7. One of the Judges in the Sarla Mudgal judgment had asked the Central Govt. to legislate and implement the uniform civil code in the country. He also referred to that portion of the Shah Bano Judgment in which the court had recommended a uniform civil code. In this instant judgment, it with respect to uniform civil code, it has been held: -

i. One of the judges in the Sarla Mudgal Case had no legal and constitutional right to issue any direction about legislation and implementation of a uniform civil code

ii. This court has no right to direct the Govt. to implement any Directive Principle including Article 44 contained in Chapter 4 of the Constitution. It has been so held by this court earlier also (PM Setty V/S State of Karnataka AIR 1989 AC 100, Keshvanand Bharti V/S State of Kerala 1973 Vol. 4 SCC 225)

iii. In Ahmedabad Women Action Group V/S Union of India 1947 Vol. 3 SCC 573, it has been held that there was no issue of uniform civil code involved in the Sarla Mudgal case and hence the direction of the single judge was unnecessary and uncalled for.

iv. It has been held in Pannalal Bansilal V/S State of Andhra Pradesh (1996 Vol. 2 Section 498) that the implementation of uniform civil code may be counterproductive to the unity and integrity of the country.

v. In this instant case, an affidavit had been filed by the Central Govt. to the effect that no uniform civil code will be implemented unless the affected communities so desire and initiative in this respect comes from their side with this affidavit, a copy of Dr. B.R. Ambedkar’s speech delivered on Dec 2, 1948 was also annexed in which he stated:

‘I should also like to point out that all that the State is claiming in this matter is a power to legislate. There is no obligation upon the state to do away with personal laws. It is only giving a power, therefore, no one need be apprehensive of the fact that if the State has the power, the State will immediately proceed to execute or enforce that power is a manner that may be found to be objectionable by the Muslims or by the Christians or by any others community in India. We must all remember- including members of the Muslim community who have spoken on this subject through one can appreciate their feelings very well- that sovereignty is always limited, no matter even if you assert that it is unlimited, because sovereignty in the exercise of that power must reconcile itself to the sentiments of different communities’

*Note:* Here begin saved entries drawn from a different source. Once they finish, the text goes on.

lemma abs_cont_on_mult:
  fixes f g :: "real \<Rightarrow> real"
  assumes f: "abs_cont_on a b f" and g: "abs_cont_on a b g"
  shows "abs_cont_on a b (\<lambda>t. f t * g t)"
proof -
  define fg where "fg t = (f t, g t)" for t
  have "compact (fg ` {a..b})"
    using abs_cont_on_imp_continuous_on[OF f] abs_cont_on_imp_continuous_on[OF g]
    unfolding fg_def by (intro compact_continuous_image continuous_on_Pair) auto
  then obtain B where "B > 0" "\<forall>p\<in>fg ` {a..b}. norm p \<le> B"
    using compact_imp_bounded bounded_pos by blast
  then have "(2 * B)-lipschitz_on (fg ` {a..b}) (\<lambda>p. fst p * snd p)"
    by (intro lipschitz_on_times_bounded) auto
  moreover have "abs_cont_on a b fg"
    using abs_cont_on_add[OF abs_cont_on_compose_lipschitz[OF f, of 1 "\<lambda>x. (x, 0::real)"]
        abs_cont_on_compose_lipschitz[OF g, of 1 "\<lambda>x. (0::real, x)"]]
    unfolding fg_def by (simp add: lipschitz_on_def dist_Pair_Pair)
  ultimately show ?thesis
    using abs_cont_on_compose_lipschitz unfolding fg_def by fastforce
qed

lemma lipschitz_on_exp_atMost: "(exp B)-lipschitz_on {..B} exp"
proof (rule lipschitz_onI)
  have le: "exp y - exp x \<le> exp B * (y - x)" if "x \<le> y" "y \<le> B" for x y
  proof -
    have "exp y * (1 + (x - y)) \<le> exp y * exp (x - y)"
      by (intro mult_left_mono exp_ge_add_one_self) auto
    then have "exp y - exp x \<le> exp y * (y - x)"
      by (simp add: exp_diff algebra_simps)
    also have "\<dots> \<le> exp B * (y - x)"
      using that by (intro mult_right_mono) auto
    finally show ?thesis .
  qed
  fix x y assume "x \<in> {..B}" "y \<in> {..B}"
  then show "dist (exp x) (exp y) \<le> exp B * dist x y"
    using le[of x y] le[of y x] by (cases "x \<le> y") (auto simp: dist_real_def)
qed simp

vi. The Addl. Solicitor General appeared on behalf of the Central Govt. and enforced the court that acting on the direction in the Sarla Mudgal judgment, the Govt. has no intention to legislate and implement uniform civil code.

vii. No direction had been issued in the Sarla Mudgal Judgment for implementation of uniform civil code. Justice Kuldeep Singh had requested the Govt. to have a fresh look at Article 44 of the Constitution in the light of the words used in the Article. Such requests have been made earlier also in the Shah Bano case and in other cases. ‘The apprehensive expressed on behalf of the Jamiat Ulema Hind and the Muslim Personal Law Board that the Govt. will act on the Sarla Mudgal Judgment is unfounded but in order to allay all apprehensions, we deem it proper, to reiterate that this court not issued any directions for the codification of the common civil code and the judges constituting the deferred benches had only expressed their views in the facts and circumstances of those cases.’

Now, it is clear from the above that in the instant case, Mr GC Ghosh had accepted Islam for ulterior and oblique motives. His motive was to contract a second marriage under the garb of conversion. He remained a Hindu for all practical purposes. It is a misuse of Islam. He had clearly violated Section 17 of the Hindu Marriage Act. The issue before the court was a feigned and sham conversion and not a factual and true conversion by heart. This judgment has dealt a death blow to the uniform civil code and has also justified having more than one wife under the Muslim Law like the condition of equal justice and treatment to co-wives.